▶ **Exercise objective**: Report the number of lines holding "longleftrightarrow" in the material below, and nothing more.

▶ **Material provided**:
(* Let $(M_I,\triangleright)$ be a prefactor system, $\alpha$ a consistent set in it, and $b_i\in M_i$ for some $i\in I$. The following are equivalent: (1) $b_i\in\alpha^m$; (2) $\alpha\cup\{b_i\}$ is a consistent set; (3) there are cofinally many $i'\in I$ such that $a_{i'}\triangleright b_i$ for some $a_{i'}\in\alpha\cap M_{i'}$; (4) $a_{i'}\triangleright b_i$ for all $a_{i'}\in\alpha$ with $i'\ge i$; (5) the set of $i'\in I$ such that $a_{i'}\triangleright b_i$ for some $a_{i'}\in\alpha\cap M_{i'}$ contains a member of $\mathcal F(I)$.
   Context: Let $(I,\le)$ be a non-empty directed preordered set. Fix a family $\mathcal F(I)$ of subsets of $I$ such that every member of $\mathcal F(I)$ is cofinal in $I$ (for every $i$ there is $i'\ge i$ in it), $\mathcal F(I)$ is closed under supersets and finite intersections (it is a proper filter on the cofinal subsets), and $\mathcal F(I)$ contains every non-empty upward closed subset of $I$. A system $(M_I,\triangleright)$ consists of sets $M_i$ ($i\in I$, pairwise disjoint) and relations $\triangleright\subseteq M_{i'}\times M_i$ for $i\le i'$, reflexive for $i=i'$. $a_i\approx b_j$ iff there are $i'\ge i,j$ and $c\in M_{i'}$ with $c\triangleright a_i$, $c\triangleright b_j$. A prefactor system is a system with $a_{i'}\approx a_i\iff a_{i'}\triangleright a_i$ for all $i\le i'$. A consistent set is a set $\alpha\subseteq\bigcup_{i\in I}M_i$ such that $a_{i'}\triangleright a_i$ for all $a_{i'},a_i\in\alpha$ with $a_{i'}\in M_{i'}$, $a_i\in M_i$, $i'\ge i$, and such that $I_\alpha:=\{i\in I\mid \alpha\cap M_i\ne\emptyset\}\in\mathcal F(I)$. A dynamic element is a consistent set that is maximal under inclusion; for every consistent set $\alpha$ in a prefactor system there is exactly one dynamic element containing $\alpha$, denoted $\alpha^m$. *)

theory Defs
  imports Main
begin

text \<open>The index set is a carrier I with a preorder le.  The elements of all M i live in
  one type 'a; the relation tri c a encodes c \<triangleright> a (only between M i' and M i with le i i').\<close>

definition directed_preorder :: "'i set \<Rightarrow> ('i \<Rightarrow> 'i \<Rightarrow> bool) \<Rightarrow> bool" where
  "directed_preorder I le \<longleftrightarrow> I \<noteq> {}
     \<and> (\<forall>i\<in>I. le i i)
     \<and> (\<forall>i\<in>I. \<forall>j\<in>I. \<forall>k\<in>I. le i j \<longrightarrow> le j k \<longrightarrow> le i k)
     \<and> (\<forall>i\<in>I. \<forall>j\<in>I. \<exists>k\<in>I. le i k \<and> le j k)"

definition cofinal_in :: "'i set \<Rightarrow> ('i \<Rightarrow> 'i \<Rightarrow> bool) \<Rightarrow> 'i set \<Rightarrow> bool" where
  "cofinal_in I le S \<longleftrightarrow> S \<subseteq> I \<and> (\<forall>i\<in>I. \<exists>i'\<in>S. le i i')"

definition upward_closed :: "'i set \<Rightarrow> ('i \<Rightarrow> 'i \<Rightarrow> bool) \<Rightarrow> 'i set \<Rightarrow> bool" where
  "upward_closed I le S \<longleftrightarrow> S \<subseteq> I \<and> (\<forall>i\<in>S. \<forall>i'\<in>I. le i i' \<longrightarrow> i' \<in> S)"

▶ **Response to the exercise**: 3